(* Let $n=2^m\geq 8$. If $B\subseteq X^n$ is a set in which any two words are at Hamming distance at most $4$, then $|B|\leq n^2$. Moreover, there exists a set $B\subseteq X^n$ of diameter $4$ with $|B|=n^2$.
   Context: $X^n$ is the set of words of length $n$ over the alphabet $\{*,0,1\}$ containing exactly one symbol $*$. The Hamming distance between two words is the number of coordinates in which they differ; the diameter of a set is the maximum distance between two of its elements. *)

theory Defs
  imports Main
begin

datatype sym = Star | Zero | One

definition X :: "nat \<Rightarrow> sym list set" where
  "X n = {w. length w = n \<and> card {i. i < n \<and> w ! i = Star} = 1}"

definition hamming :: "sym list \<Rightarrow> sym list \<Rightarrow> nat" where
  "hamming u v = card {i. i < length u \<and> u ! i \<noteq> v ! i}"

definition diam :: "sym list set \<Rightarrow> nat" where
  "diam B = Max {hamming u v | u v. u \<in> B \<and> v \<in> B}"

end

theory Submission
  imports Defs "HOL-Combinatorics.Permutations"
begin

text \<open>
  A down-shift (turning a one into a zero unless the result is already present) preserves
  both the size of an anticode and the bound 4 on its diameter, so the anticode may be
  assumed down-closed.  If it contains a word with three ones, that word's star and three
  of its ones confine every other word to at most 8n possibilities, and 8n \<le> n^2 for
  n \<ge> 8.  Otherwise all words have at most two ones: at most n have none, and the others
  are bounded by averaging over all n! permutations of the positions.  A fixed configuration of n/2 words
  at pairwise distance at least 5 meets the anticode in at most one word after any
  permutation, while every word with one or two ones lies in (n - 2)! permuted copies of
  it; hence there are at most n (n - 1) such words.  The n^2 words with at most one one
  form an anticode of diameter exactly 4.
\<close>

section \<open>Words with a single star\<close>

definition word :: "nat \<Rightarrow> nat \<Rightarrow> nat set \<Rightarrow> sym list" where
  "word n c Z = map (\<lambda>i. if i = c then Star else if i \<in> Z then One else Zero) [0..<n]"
☆ ☆ ☆ ☆
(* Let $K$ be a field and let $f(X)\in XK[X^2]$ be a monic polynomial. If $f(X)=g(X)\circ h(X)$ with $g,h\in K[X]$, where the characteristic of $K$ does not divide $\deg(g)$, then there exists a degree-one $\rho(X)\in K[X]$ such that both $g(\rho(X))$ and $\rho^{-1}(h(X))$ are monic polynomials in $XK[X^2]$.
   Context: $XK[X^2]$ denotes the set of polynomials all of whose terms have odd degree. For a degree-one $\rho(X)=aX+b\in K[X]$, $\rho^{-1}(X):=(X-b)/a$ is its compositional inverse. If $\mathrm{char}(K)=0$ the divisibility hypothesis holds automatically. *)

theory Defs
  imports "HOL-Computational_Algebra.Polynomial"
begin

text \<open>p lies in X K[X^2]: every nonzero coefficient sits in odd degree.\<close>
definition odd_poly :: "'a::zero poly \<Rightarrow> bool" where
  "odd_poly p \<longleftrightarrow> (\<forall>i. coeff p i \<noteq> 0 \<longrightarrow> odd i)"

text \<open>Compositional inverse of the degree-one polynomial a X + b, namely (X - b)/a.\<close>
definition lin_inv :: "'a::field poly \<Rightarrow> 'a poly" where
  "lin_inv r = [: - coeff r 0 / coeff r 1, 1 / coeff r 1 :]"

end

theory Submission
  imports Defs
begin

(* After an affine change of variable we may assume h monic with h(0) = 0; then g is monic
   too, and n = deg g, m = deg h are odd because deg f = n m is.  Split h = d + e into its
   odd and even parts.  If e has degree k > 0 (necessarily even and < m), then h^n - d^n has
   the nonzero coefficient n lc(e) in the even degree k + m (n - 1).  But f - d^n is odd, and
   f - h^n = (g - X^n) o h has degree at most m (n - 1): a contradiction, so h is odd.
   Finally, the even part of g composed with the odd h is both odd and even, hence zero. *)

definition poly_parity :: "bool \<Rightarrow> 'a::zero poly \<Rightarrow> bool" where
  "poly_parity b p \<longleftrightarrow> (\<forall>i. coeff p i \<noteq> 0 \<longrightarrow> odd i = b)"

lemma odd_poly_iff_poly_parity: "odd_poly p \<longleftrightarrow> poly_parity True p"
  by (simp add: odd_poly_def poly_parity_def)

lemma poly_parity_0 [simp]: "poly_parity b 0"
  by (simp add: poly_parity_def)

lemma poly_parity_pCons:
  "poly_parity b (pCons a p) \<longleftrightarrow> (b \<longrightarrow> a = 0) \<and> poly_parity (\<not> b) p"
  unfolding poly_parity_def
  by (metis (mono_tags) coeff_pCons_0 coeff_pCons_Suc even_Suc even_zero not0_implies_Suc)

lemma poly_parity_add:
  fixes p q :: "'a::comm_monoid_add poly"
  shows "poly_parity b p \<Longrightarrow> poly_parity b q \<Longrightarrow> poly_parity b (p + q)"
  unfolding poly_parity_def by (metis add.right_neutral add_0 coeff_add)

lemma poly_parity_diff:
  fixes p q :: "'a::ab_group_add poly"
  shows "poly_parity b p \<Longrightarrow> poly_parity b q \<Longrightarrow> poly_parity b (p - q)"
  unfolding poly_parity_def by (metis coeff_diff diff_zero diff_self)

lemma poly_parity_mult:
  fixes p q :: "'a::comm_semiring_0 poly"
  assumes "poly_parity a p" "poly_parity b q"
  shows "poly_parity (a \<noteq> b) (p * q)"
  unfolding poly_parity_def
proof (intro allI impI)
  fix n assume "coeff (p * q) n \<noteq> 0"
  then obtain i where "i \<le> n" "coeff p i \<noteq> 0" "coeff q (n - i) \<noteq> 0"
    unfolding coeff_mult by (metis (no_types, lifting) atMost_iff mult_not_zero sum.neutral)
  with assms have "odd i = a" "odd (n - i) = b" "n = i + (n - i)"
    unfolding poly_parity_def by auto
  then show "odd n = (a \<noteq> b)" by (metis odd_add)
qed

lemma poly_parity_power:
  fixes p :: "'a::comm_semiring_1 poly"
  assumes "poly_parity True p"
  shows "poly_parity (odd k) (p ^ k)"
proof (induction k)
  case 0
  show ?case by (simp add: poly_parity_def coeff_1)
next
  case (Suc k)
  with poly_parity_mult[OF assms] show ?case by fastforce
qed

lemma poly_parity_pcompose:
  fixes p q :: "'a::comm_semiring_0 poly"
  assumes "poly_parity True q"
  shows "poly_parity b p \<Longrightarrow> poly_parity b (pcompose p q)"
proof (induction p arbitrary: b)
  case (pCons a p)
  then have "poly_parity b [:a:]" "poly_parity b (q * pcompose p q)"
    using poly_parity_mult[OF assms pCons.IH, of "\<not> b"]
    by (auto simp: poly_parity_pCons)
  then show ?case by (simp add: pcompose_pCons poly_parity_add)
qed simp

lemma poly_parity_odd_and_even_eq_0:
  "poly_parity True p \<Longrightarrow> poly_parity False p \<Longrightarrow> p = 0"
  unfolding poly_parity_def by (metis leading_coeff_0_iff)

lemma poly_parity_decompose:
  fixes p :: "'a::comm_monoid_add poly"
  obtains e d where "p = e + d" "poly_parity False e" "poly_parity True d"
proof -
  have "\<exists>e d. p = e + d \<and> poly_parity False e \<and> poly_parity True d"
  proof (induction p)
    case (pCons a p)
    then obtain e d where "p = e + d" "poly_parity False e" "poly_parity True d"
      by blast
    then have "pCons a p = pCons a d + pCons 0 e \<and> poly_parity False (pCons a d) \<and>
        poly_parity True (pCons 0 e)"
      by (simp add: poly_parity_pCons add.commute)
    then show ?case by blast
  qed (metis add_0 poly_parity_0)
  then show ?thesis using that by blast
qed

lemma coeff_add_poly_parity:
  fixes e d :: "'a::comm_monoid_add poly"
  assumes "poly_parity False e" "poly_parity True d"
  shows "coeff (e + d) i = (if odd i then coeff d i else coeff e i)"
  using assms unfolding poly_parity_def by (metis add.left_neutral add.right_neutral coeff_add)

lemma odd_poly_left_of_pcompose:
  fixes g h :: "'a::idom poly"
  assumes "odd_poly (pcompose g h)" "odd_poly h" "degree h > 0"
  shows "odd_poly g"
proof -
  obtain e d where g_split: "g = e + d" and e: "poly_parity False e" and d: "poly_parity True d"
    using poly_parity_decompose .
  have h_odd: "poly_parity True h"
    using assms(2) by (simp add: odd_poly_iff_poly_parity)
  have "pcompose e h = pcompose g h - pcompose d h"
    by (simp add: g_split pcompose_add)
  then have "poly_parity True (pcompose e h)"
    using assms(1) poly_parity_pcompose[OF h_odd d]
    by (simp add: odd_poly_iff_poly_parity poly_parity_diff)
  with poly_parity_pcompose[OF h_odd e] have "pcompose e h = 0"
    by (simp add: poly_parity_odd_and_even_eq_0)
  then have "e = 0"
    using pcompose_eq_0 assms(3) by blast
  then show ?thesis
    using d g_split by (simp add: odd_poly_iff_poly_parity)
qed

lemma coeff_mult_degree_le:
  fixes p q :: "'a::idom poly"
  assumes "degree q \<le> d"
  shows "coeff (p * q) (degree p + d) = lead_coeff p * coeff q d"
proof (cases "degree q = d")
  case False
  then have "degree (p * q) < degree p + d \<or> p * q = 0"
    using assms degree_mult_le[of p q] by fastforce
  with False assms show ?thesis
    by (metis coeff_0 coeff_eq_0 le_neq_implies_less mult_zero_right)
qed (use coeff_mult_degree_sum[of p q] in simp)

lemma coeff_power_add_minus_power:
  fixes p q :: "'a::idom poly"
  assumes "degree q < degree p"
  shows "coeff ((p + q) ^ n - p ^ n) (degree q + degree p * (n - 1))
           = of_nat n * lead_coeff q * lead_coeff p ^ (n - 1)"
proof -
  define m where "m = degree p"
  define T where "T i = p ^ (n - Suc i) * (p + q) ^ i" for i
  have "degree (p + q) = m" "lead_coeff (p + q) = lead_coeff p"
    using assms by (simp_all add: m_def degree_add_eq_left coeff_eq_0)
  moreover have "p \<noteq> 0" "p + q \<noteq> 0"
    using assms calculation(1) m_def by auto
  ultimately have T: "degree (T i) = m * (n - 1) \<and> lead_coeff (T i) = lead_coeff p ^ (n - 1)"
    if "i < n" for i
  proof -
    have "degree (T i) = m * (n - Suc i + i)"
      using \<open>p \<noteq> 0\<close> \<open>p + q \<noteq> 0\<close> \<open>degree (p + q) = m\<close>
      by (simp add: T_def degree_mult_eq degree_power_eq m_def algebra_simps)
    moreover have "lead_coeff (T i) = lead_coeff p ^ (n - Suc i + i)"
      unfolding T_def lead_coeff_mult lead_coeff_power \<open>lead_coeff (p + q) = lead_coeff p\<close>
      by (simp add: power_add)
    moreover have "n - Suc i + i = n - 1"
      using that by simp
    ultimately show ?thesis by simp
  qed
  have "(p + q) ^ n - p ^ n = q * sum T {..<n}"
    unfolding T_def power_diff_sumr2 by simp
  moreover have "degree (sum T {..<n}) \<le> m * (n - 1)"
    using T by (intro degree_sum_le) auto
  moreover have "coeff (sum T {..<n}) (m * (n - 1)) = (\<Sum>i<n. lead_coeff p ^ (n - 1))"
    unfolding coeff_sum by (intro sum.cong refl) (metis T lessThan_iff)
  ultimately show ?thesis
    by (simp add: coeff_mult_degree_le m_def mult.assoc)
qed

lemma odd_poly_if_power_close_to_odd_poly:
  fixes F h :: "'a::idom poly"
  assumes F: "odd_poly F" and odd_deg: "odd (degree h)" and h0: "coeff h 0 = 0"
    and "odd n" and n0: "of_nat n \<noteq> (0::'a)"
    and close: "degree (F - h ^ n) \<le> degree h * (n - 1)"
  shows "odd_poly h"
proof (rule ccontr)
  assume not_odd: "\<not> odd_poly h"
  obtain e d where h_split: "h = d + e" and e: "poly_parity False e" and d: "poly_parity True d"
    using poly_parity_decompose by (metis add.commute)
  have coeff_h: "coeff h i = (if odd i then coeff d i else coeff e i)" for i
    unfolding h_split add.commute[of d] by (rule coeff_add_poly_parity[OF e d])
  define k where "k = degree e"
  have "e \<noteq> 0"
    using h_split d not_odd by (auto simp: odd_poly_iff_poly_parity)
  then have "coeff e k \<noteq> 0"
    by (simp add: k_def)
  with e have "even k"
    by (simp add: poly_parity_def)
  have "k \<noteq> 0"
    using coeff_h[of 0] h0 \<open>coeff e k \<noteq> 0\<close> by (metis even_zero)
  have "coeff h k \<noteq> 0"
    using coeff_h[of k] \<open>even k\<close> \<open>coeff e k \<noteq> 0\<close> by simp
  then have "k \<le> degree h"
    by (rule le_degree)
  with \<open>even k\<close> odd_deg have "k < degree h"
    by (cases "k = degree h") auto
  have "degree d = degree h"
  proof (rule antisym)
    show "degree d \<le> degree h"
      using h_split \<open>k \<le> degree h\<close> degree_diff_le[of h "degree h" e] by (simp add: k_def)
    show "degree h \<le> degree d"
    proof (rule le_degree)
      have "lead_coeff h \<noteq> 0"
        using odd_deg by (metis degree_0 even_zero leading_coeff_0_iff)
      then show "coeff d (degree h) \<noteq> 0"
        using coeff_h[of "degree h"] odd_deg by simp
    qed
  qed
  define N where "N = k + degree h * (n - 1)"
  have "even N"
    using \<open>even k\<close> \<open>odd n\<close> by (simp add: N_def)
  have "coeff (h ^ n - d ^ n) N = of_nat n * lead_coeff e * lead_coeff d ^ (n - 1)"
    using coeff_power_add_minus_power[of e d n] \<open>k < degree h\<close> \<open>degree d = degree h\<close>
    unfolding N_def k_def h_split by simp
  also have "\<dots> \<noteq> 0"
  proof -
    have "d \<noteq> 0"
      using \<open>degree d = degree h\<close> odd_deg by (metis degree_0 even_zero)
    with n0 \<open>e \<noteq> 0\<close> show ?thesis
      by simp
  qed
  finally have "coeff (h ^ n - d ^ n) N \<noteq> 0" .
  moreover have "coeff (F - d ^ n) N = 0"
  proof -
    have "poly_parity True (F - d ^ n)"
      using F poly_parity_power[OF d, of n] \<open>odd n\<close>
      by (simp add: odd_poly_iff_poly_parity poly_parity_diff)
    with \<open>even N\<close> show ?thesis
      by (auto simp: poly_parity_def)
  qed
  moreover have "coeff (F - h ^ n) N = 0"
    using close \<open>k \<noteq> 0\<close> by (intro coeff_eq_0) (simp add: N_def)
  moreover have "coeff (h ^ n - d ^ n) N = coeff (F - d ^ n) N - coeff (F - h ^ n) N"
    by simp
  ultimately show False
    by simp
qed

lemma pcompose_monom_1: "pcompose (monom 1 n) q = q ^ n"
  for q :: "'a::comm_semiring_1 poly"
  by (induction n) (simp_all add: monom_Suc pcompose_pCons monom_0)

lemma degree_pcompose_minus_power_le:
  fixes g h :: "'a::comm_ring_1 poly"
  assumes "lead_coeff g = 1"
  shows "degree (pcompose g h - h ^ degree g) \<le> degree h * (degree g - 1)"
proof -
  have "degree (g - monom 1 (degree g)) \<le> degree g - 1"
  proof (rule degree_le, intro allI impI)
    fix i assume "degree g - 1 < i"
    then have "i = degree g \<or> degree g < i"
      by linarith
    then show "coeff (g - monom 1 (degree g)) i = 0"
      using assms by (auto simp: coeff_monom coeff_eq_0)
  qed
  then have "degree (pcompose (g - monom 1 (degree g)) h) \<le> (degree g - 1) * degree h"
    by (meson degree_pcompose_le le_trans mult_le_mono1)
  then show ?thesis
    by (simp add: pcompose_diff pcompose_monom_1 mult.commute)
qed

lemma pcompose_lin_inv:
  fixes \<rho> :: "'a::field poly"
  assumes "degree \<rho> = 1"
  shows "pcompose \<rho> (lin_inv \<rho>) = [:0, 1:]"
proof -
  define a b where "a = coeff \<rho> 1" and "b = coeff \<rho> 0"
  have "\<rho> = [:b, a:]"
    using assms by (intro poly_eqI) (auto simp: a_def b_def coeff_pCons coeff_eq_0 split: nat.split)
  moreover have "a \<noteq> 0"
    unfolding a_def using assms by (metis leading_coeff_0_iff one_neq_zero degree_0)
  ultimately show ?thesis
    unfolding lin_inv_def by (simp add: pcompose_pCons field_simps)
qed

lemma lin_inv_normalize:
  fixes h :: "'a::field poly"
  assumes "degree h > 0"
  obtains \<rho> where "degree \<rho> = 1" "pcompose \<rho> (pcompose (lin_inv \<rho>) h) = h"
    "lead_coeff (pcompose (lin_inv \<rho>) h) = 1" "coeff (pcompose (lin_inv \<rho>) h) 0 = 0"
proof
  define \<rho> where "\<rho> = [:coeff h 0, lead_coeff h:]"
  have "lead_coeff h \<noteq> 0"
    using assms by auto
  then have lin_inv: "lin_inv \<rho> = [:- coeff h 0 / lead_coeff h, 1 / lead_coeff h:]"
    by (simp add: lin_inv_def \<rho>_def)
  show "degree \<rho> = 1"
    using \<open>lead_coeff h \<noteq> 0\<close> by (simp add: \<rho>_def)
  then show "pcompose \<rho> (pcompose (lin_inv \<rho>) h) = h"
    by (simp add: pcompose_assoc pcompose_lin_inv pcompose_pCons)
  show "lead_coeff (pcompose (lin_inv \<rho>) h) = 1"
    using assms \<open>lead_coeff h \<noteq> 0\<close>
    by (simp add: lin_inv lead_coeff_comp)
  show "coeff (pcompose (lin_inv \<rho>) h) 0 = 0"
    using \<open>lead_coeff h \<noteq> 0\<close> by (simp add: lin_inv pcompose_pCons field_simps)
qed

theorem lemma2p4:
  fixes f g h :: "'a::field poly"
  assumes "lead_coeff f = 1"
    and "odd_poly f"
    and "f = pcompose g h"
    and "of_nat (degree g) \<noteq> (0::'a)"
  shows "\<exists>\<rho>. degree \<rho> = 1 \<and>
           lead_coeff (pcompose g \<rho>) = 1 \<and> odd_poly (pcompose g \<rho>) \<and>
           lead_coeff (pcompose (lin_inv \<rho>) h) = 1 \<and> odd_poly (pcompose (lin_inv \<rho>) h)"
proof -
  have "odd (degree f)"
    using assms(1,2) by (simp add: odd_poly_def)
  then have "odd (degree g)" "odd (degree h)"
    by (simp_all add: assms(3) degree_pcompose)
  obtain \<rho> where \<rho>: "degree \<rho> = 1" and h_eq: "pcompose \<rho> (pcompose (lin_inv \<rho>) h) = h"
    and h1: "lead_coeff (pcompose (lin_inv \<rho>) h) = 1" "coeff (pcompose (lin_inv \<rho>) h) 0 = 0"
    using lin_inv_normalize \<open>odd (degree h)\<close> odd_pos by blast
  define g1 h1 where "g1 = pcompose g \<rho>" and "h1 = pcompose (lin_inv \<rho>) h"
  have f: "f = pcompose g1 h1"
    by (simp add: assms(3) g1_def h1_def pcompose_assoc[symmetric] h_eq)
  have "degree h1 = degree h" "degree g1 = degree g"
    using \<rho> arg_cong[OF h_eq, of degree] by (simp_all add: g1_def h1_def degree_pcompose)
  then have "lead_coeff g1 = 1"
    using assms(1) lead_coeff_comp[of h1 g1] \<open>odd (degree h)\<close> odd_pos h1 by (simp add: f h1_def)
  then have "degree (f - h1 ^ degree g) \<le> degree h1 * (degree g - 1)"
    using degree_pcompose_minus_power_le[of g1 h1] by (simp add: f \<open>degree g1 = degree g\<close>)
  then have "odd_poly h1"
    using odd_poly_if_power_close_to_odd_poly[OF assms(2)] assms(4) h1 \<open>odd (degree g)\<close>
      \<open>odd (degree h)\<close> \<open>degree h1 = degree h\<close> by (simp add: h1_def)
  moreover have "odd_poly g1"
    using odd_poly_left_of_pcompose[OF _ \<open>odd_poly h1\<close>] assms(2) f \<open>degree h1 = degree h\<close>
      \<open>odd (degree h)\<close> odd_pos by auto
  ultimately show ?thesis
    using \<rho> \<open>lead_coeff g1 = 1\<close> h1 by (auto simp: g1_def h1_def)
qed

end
☆ ☆ ☆ ☆
What to produce
Begin at the line above that has "fix i assume" and stop after the line that has "by (meson degree_pcompose_le", copying each line exactly and adding nothing else.

Finished exercise
    fix i assume "degree g - 1 < i"
    then have "i = degree g \<or> degree g < i"
      by linarith
    then show "coeff (g - monom 1 (degree g)) i = 0"
      using assms by (auto simp: coeff_monom coeff_eq_0)
  qed
  then have "degree (pcompose (g - monom 1 (degree g)) h) \<le> (degree g - 1) * degree h"
    by (meson degree_pcompose_le le_trans mult_le_mono1)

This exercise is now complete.